Secondly, the appellant’s primary consideration in bringing the appeal was not to settle how future Commissions might interpret s 77 of the Constitution Act. The appellant’s primary concern, as discussed above, was having the Commission’s orders quashed so that more favourable boundaries would be drawn and consequentially the Labor Party would have an increased chance of winning the next election.
The ultimate question on an application for costs is what is the justice of the case as between the parties before the Court. The general rule to ensure justice as between the parties is that costs will follow the event. Notwithstanding the subject matter of the appeal, there is no reason to depart from that general rule. The Labor Party and the Liberal Party are the major political parties in this State. They engage in election campaigns funded by substantial grants of public money and substantial private donations. Both parties, in particular their Parliamentary representatives and other leading cadre, benefit substantially from electoral success and the winning of government.
Moreover, in engaging in this contest both the appellant and the second respondent were well aware that ultimately an adverse costs order might be made against the unsuccessful party. At a directions hearing held on 16 January 2017, a representative of the Australian Democrats sought leave to appear on the appeal if neither party would seek costs against them. In response, the appellant submitted that the ordinary course is that the question of costs would not be determined until after judgment is delivered. The appellant submitted that no order should be made before the court is in a position to assess the conduct of the parties over the entirety of the proceeding. The second respondent agreed with this submission. Ultimately, neither party was prepared to grant the Australian Democrats the indulgence they sought. The consequence was that the Australian Democrats withdrew their application to be joined. It is to be observed that at the time of that hearing the issues were clearly defined by the appellant’s grounds of appeal and objectively there was no reason to anticipate that the factors bearing on the exercise of the costs discretion would differ whether considered then or after determination of the appeal.
Ordinarily, when a party intends to submit that a matter comprises a test case or public interest case in which each party should bear its own costs regardless of success, that party should inform the Court and the opponent beforehand.

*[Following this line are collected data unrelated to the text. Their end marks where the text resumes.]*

lemma Eavg_sum:
  assumes P: "prob_space P" and \<mu>: "\<mu> \<in> P \<rightarrow>\<^sub>M prob_algebra ball_space"
    and "finite S" and "\<And>i. i \<in> S \<Longrightarrow> replica_observable m (g i)"
  shows "Eavg P \<mu> m (\<lambda>\<sigma>. \<Sum>i\<in>S. g i \<sigma>) = (\<Sum>i\<in>S. Eavg P \<mu> m (g i))"
  using assms(3,4)
proof (induction S rule: finite_induct)
  case empty
  show ?case by (simp add: Eavg_def gibbs_avg_def)
next
  case (insert x F)
  then show ?case by (simp add: Eavg_add[OF P \<mu>] replica_observable_sum)
qed

lemma Eavg_const:
  assumes P: "prob_space P" and \<mu>: "\<mu> \<in> P \<rightarrow>\<^sub>M prob_algebra ball_space"
  shows "Eavg P \<mu> m (\<lambda>_. c) = c"
proof -
  have "gibbs_avg (\<mu> \<omega>) m (\<lambda>_. c) = c" if "\<omega> \<in> space P" for \<omega>
  proof -
    interpret prob_space "PiM {..<m} (\<lambda>_. \<mu> \<omega>)"
      using random_ball_measureD[OF \<mu> that] by (auto intro!: prob_space_PiM)
    show ?thesis unfolding gibbs_avg_def by (simp add: prob_space)
  qed
  then show ?thesis
    unfolding Eavg_def using prob_space.prob_space[OF P] by (simp cong: Bochner_Integration.integral_cong)
qed

lemma Eavg_mono:
  assumes P: "prob_space P" and \<mu>: "\<mu> \<in> P \<rightarrow>\<^sub>M prob_algebra ball_space"
    and g: "replica_observable m g" and h: "replica_observable m h"
    and le: "\<And>\<sigma>. (\<And>i. i < m \<Longrightarrow> norm (\<sigma> i) \<le> 1) \<Longrightarrow> g \<sigma> \<le> h \<sigma>"
  shows "Eavg P \<mu> m g \<le> Eavg P \<mu> m h"
  unfolding Eavg_def
proof (intro integral_mono integrable_gibbs_avg[OF P \<mu> g] integrable_gibbs_avg[OF P \<mu> h])
  fix \<omega> assume \<omega>: "\<omega> \<in> space P"
  show "gibbs_avg (\<mu> \<omega>) m g \<le> gibbs_avg (\<mu> \<omega>) m h"
    unfolding gibbs_avg_def
    using random_ball_measureD[OF \<mu> \<omega>]
    by (intro integral_mono integrable_replica_observable g h le) (auto simp: space_PiM)
qed

lemma Eavg_nonneg:
  assumes P: "prob_space P" and \<mu>: "\<mu> \<in> P \<rightarrow>\<^sub>M prob_algebra ball_space"
    and g: "replica_observable m g" and nonneg: "\<And>\<sigma>. 0 \<le> g \<sigma>"
  shows "0 \<le> Eavg P \<mu> m g"
  using Eavg_mono[OF P \<mu> replica_observable_const g, of 0] nonneg by (simp add: Eavg_const[OF P \<mu>])

lemma Eavg_permute_replicas:
  fixes \<mu> :: "'w \<Rightarrow> 'h::real_normed_vector measure"
  assumes \<mu>: "\<mu> \<in> P \<rightarrow>\<^sub>M prob_algebra ball_space" and g: "replica_observable m g"
    and \<pi>: "\<pi> \<in> {..<m} \<rightarrow> {..<m}" "inj_on \<pi> {..<m}"
  shows "Eavg P \<mu> m (\<lambda>\<sigma>. g (\<lambda>i\<in>{..<m}. \<sigma> (\<pi> i))) = Eavg P \<mu> m g"
  unfolding Eavg_def
proof (intro Bochner_Integration.integral_cong refl)
  fix \<omega> assume \<omega>: "\<omega> \<in> space P"
  let ?M = "PiM {..<m} (\<lambda>_. \<mu> \<omega>)"
  have T: "(\<lambda>\<sigma>. \<lambda>i\<in>{..<m}. \<sigma> (\<pi> i)) \<in> ?M \<rightarrow>\<^sub>M ?M"
    using \<pi> by (intro measurable_restrict) (auto intro!: measurable_component_singleton)
  have "g \<in> borel_measurable ?M"
    using g random_ball_measureD(2)[OF \<mu> \<omega>] unfolding replica_observable_def
    by (subst measurable_cong_sets[OF sets_PiM_cong[OF refl] refl]) auto
  moreover have "distr ?M ?M (\<lambda>\<sigma>. \<lambda>i\<in>{..<m}. \<sigma> (\<pi> i)) = ?M"
    using distr_PiM_reindex[of "{..<m}" "\<lambda>_. \<mu> \<omega>" \<pi> "{..<m}"] \<pi> random_ball_measureD(1)[OF \<mu> \<omega>]
    by simp
  ultimately show "gibbs_avg (\<mu> \<omega>) m (\<lambda>\<sigma>. g (\<lambda>i\<in>{..<m}. \<sigma> (\<pi> i))) = gibbs_avg (\<mu> \<omega>) m g"
    unfolding gibbs_avg_def using integral_distr[OF T, of g] by simp
qed

lemma gibbs_avg_restrict_replicas:
  assumes M: "prob_space M" and m: "m \<le> n" and g: "g \<in> borel_measurable (PiM {..<m} (\<lambda>_. M))"
  shows "gibbs_avg M n (\<lambda>\<sigma>. g (restrict \<sigma> {..<m})) = gibbs_avg M m g"
proof -
  interpret product_prob_space "\<lambda>_::nat. M" "{..<n}"
    using M by (simp add: product_prob_space_def product_sigma_finite_def
        product_prob_space_axioms_def prob_space_imp_sigma_finite)
  have "distr (PiM {..<n} (\<lambda>_. M)) (PiM {..<m} (\<lambda>_. M)) (\<lambda>\<sigma>. restrict \<sigma> {..<m}) = PiM {..<m} (\<lambda>_. M)"
    using m by (intro distr_PiM_restrict_finite) auto
  with m show ?thesis
    unfolding gibbs_avg_def using integral_distr[OF measurable_restrict_subset g, of "{..<n}"] by simp
qed

lemma Eavg_restrict_replicas:
  assumes \<mu>: "\<mu> \<in> P \<rightarrow>\<^sub>M prob_algebra ball_space" and m: "m \<le> n" and g: "replica_observable m g"
  shows "Eavg P \<mu> n (\<lambda>\<sigma>. g (restrict \<sigma> {..<m})) = Eavg P \<mu> m g"
  unfolding Eavg_def
proof (intro Bochner_Integration.integral_cong refl gibbs_avg_restrict_replicas m)
  fix \<omega> assume \<omega>: "\<omega> \<in> space P"
  show "prob_space (\<mu> \<omega>)" using random_ball_measureD(1)[OF \<mu> \<omega>] .
  show "g \<in> borel_measurable (PiM {..<m} (\<lambda>_. \<mu> \<omega>))"
    using g random_ball_measureD(2)[OF \<mu> \<omega>] unfolding replica_observable_def
    by (subst measurable_cong_sets[OF sets_PiM_cong[OF refl] refl]) auto
qed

This affords an opportunity for the Court to consider whether an order about costs should be made in advance regardless of the result of the appeal. It also avoids a party awaiting the result of the appeal and then submitting that costs should follow the event if the party is successful and submitting that each party should bear its own costs if the party is unsuccessful.
In the present case, neither the appellant nor the second respondent committed themselves in advance of the hearing to the position that the public interest in the subject matter of the appeal was such that the proper order pursuant to s 86(3) of the Constitution Act would be to make no order as to costs.
In the circumstances the appellant is ordered to pay the second respondent’s costs of the appeal. There is no order as to the costs of the first respondent.